London is set to bounce back ‘very, very strongly’ in the third quarter of this year but should plan recovery events to lure back its temporarily dwindled population, avoid knee-jerk planning responses to its ailing high streets and instead treat them like ‘market stalls’ that are able to respond and adapt at pace.
Those were some of the key views to emerge from State of the Market – the first webinar session of this year’s LREF Investment Summit on Monday morning.
Deloitte’s Debapratim De said the UK economy had had ‘an incredibly difficult time’ as a result of the COVID-19 pandemic, but that although the firm is predicting a double-dip recession and London has borne the brunt there will be a ‘modest pick up in the second quarter followed by a ‘very, very strong recovery in the third’.
A poll of business leaders, he added, revealed that from 5% of people remote working in the UK rising to a peak of 47% is expected to settle down at 27% for the next five years – a ‘significant change’.

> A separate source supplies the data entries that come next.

lemma symplectic_fps_iff_coeff:
  "symplectic_fps \<phi> \<longleftrightarrow> (\<forall>n. ((fps_X - 1) ^ n * \<phi>) $ (2 * n + 1) = 0)"
proof -
  have "(\<forall>m::nat. m \<ge> 1 \<longrightarrow> P m) \<longleftrightarrow> (\<forall>n. P (Suc n))" for P
    by (auto simp: Suc_le_eq gr0_conv_Suc)
  then show ?thesis
    unfolding symplectic_fps_def by (simp only: symplectic_sum_eq_coeff diff_Suc_1)
qed

lemma symplectic_fps_add: "symplectic_fps f \<Longrightarrow> symplectic_fps g \<Longrightarrow> symplectic_fps (f + g)"
  by (simp add: symplectic_fps_iff_coeff distrib_left)

lemma symplectic_fps_diff: "symplectic_fps f \<Longrightarrow> symplectic_fps g \<Longrightarrow> symplectic_fps (f - g)"
  by (simp add: symplectic_fps_iff_coeff right_diff_distrib)

lemma symplectic_fps_const_mult: "symplectic_fps f \<Longrightarrow> symplectic_fps (fps_const c * f)"
  by (simp add: symplectic_fps_iff_coeff mult.left_commute[of _ "fps_const c"])

definition sympl_Y :: "complex fps" where
  "sympl_Y = fps_X ^ 2 / (1 - fps_X)"

lemma sympl_Y_power: "sympl_Y ^ i = fps_X ^ (2 * i) * inverse (1 - fps_X) ^ i"
  by (simp add: sympl_Y_def fps_divide_unit power_mult_distrib power_mult)

lemma sympl_Y_nth_0: "sympl_Y $ 0 = 0"
  by (simp add: sympl_Y_def fps_divide_unit)

lemma sympl_Y_power_mult_nth_less: "n < 2 * i \<Longrightarrow> (sympl_Y ^ i * f) $ n = 0"
  by (simp add: sympl_Y_power mult.assoc fps_X_power_mult_nth)

lemma sympl_Y_power_nth_double: "(sympl_Y ^ i) $ (2 * i) = 1"
  by (simp add: sympl_Y_power fps_X_power_mult_nth fps_nth_power_0)

lemma sympl_Y_times_X_minus_one: "sympl_Y * (fps_X - 1) = - (fps_X ^ 2)"
proof -
  have "sympl_Y * (1 - fps_X) = fps_X ^ 2"
    by (simp add: sympl_Y_def fps_divide_unit mult.assoc inverse_mult_eq_1)
  then show ?thesis
    by (metis minus_diff_eq mult_minus_right)
qed
lemma tendsto_power_law_ratio:
  fixes f g h :: "'a \<Rightarrow> real"
  assumes f: "((\<lambda>t. f t / (a * h t powr \<alpha>)) \<longlongrightarrow> 1) F"
    and g: "((\<lambda>t. g t / (b * h t powr \<beta>)) \<longlongrightarrow> 1) F"
    and "a > 0" "b > 0" "\<alpha> \<noteq> 0" and h: "\<forall>\<^sub>F t in F. h t > 0"
  shows "((\<lambda>t. g t / (b / a powr (\<beta> / \<alpha>) * f t powr (\<beta> / \<alpha>))) \<longlongrightarrow> 1) F"
proof -
  define u where "u t = f t / (a * h t powr \<alpha>)" for t
  define w where "w t = g t / (b * h t powr \<beta>)" for t
  have "((\<lambda>t. w t / u t powr (\<beta> / \<alpha>)) \<longlongrightarrow> 1 / 1 powr (\<beta> / \<alpha>)) F"
    using f g unfolding u_def w_def by (intro tendsto_intros) auto
  moreover have "\<forall>\<^sub>F t in F.
      w t / u t powr (\<beta> / \<alpha>) = g t / (b / a powr (\<beta> / \<alpha>) * f t powr (\<beta> / \<alpha>))"
    using h order_tendstoD(1)[OF f zero_less_one]
  proof eventually_elim
    case (elim t)
    then have "f t = a * h t powr \<alpha> * u t" "u t > 0"
      using \<open>a > 0\<close> by (simp_all add: u_def)
    then have "f t powr (\<beta> / \<alpha>) = a powr (\<beta> / \<alpha>) * h t powr \<beta> * u t powr (\<beta> / \<alpha>)"
      using \<open>a > 0\<close> \<open>\<alpha> \<noteq> 0\<close> elim by (simp add: powr_mult powr_powr)
    then show ?case
      using \<open>a > 0\<close> \<open>b > 0\<close> elim by (simp add: w_def)
  qed
  ultimately show ?thesis
    by (simp add: tendsto_cong)
qed

lemma power_law_constant:
  fixes n C :: real
  assumes "n \<ge> 0" "C > 0"
  shows "2 powr (3 / 2) * (4 / 3) * pi * C * B_const n
      / (4 * sqrt 2 * pi * C * A_const n) powr ((2 * n + 5) / (2 * n + 3))
    = (2 / 3) * (4 * sqrt 2 * pi * C) powr (- 2 / (2 * n + 3)) * B_const n
      * A_const n powr (- (2 * n + 5) / (2 * n + 3))"
proof -
  define M where "M = 4 * sqrt 2 * pi * C"
  define A where "A = A_const n"
  define \<gamma> where "\<gamma> = (2 * n + 5) / (2 * n + 3)"
  have "M > 0" "A > 0"
    using assms A_const_pos by (simp_all add: M_def A_def)
  have prefactor: "2 powr (3 / 2) * (4 / 3) * pi * C = 2 / 3 * M"
    by (simp add: M_def powr_three_halves)
  have "(M * A) powr \<gamma> = M powr \<gamma> * A powr \<gamma>"
    using \<open>M > 0\<close> \<open>A > 0\<close> by (simp add: powr_mult)
  then have "2 powr (3 / 2) * (4 / 3) * pi * C * B_const n / (M * A) powr \<gamma>
      = 2 / 3 * (M / M powr \<gamma>) * B_const n * (1 / A powr \<gamma>)"
    unfolding prefactor by simp
  also have "M / M powr \<gamma> = M powr (- 2 / (2 * n + 3))"
    using \<open>M > 0\<close> powr_diff[of M 1 \<gamma>] assms by (simp add: \<gamma>_def field_simps)
  also have "1 / A powr \<gamma> = A powr (- (2 * n + 5) / (2 * n + 3))"
    using powr_minus_divide[of A \<gamma>] by (simp add: \<gamma>_def minus_divide_left)
  finally show ?thesis
    unfolding M_def A_def \<gamma>_def by simp
qed

theorem mainTheorem9:
  fixes E0 n C :: real and \<phi> :: "real \<Rightarrow> real"
  assumes "E0 > 0" and "n \<ge> 0" and "C > 0"
    and "\<And>x. x \<le> 1 \<Longrightarrow> \<phi> x \<ge> 0"
    and "continuous_on {0..1} \<phi>"
    and "\<And>x. x < 0 \<Longrightarrow> \<phi> x = 0"
    and "((\<lambda>x. \<phi> x / x powr n) \<longlongrightarrow> C) (at_right 0)"
  shows "((\<lambda>V. rho_fn E0 \<phi> V /
            (4 * sqrt 2 * pi * C * A_const n * (E0 / V - 1) powr (n + 3 / 2)))
           \<longlongrightarrow> 1) (at_left E0)
    \<and> ((\<lambda>V. p_fn E0 \<phi> V /
            (2 powr (3 / 2) * (4 / 3) * pi * C * B_const n * (E0 / V - 1) powr (n + 5 / 2)))
           \<longlongrightarrow> 1) (at_left E0)
    \<and> ((\<lambda>V. p_fn E0 \<phi> V /
            ((2 / 3) * (4 * sqrt 2 * pi * C) powr (- 2 / (2 * n + 3)) * B_const n
               * A_const n powr (- (2 * n + 5) / (2 * n + 3))
               * rho_fn E0 \<phi> V powr ((2 * n + 5) / (2 * n + 3))))
           \<longlongrightarrow> 1) (at_left E0)"
proof -
  note \<rho> = rho_fn_asymptotics[OF assms(1-3,5,7)]
  note p = p_fn_asymptotics[OF assms(1-3,5,7)]
  have "\<forall>\<^sub>F V in at_left E0. E0 / V - 1 > 0"
    unfolding eventually_at_left_field using \<open>E0 > 0\<close>
    by (intro exI[of _ 0]) (auto simp: field_simps)
  moreover have "(n + 5 / 2) / (n + 3 / 2) = (2 * n + 5) / (2 * n + 3)"
    using \<open>n \<ge> 0\<close> by (simp add: field_simps)
  ultimately have law: "((\<lambda>V. p_fn E0 \<phi> V / (2 powr (3 / 2) * (4 / 3) * pi * C * B_const n
      / (4 * sqrt 2 * pi * C * A_const n) powr ((2 * n + 5) / (2 * n + 3))
      * rho_fn E0 \<phi> V powr ((2 * n + 5) / (2 * n + 3)))) \<longlongrightarrow> 1) (at_left E0)"
    using tendsto_power_law_ratio[OF \<rho> p] assms A_const_pos[of n] B_const_pos[of n] by simp
  show ?thesis
    using \<rho> p law[unfolded power_law_constant[OF \<open>n \<ge> 0\<close> \<open>C > 0\<close>]] by blast
qed

end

LSE’s Tony Travers said London tends to go further into recessions and then come out faster but that hundreds of thousands had left the capital, albeit probably on a temporary basis. ‘My own hunch is that the powerful – i.e. the people at the top of businesses and institutions – and the young will return at scale.’ But the recovery of the central activities zone has big implications since it is the most productive part of the UK by some distance and has a reputational impact too as the ‘shop window for the rest of the UK’. London will need ‘reverse messaging’ to get people back to work and boost the economy. ‘There will need to be some kind of welcome back events in city centres, particularly in London, to do with the arts and other public activities that people can enjoy’, social distancing, however, remains the ‘antithesis of city life’. He suggests that public authorities and landowners like the Great Estates will need ‘matchmaking’ to aid the recovery of sectors like retail. We should be careful too, however, to avoid undermining high streets by ‘random planning incursions in the short term, and for London to avoid being ‘levelled down’ while the rest of the country is ‘levelled up’.
Mark Allnutt of Greystar said that the urban flight many talk of was problematic, not least because there isn’t the stock of housing to cater for that mobility. Some regional cities have great attributes, however, but London will come back ‘incredibly strongly’, and will do so more if they attend to a ‘megatrend’ for demand for single person accommodation. ESG is another growing phenomenon, he added, and an important factor in raising capital, driven by the investor towards long term sustainability.
And finally, Emma Cariaga of British Land said that although the developers had planned for a recession in its Canada Water project, they hadn’t for a pandemic. The latest news on the woes of the High Street was very sad but also an acceleration of a trend that will stabilise all the quicker, albeit requiring flexibility and dynamism going forward. ‘The High Street of the future has got to be imagined as if it were a market stall’, she said. ‘We have got to build places and spaces that allow for rapid rearrangement of the deck chairs on a on a daily basis’. There should perhaps be a period of experimentation in this area, Cariaga suggested, with ideas piloted and monitoring to gauge their responses, and allow cities to be ‘the brilliant places we all remember them to be’.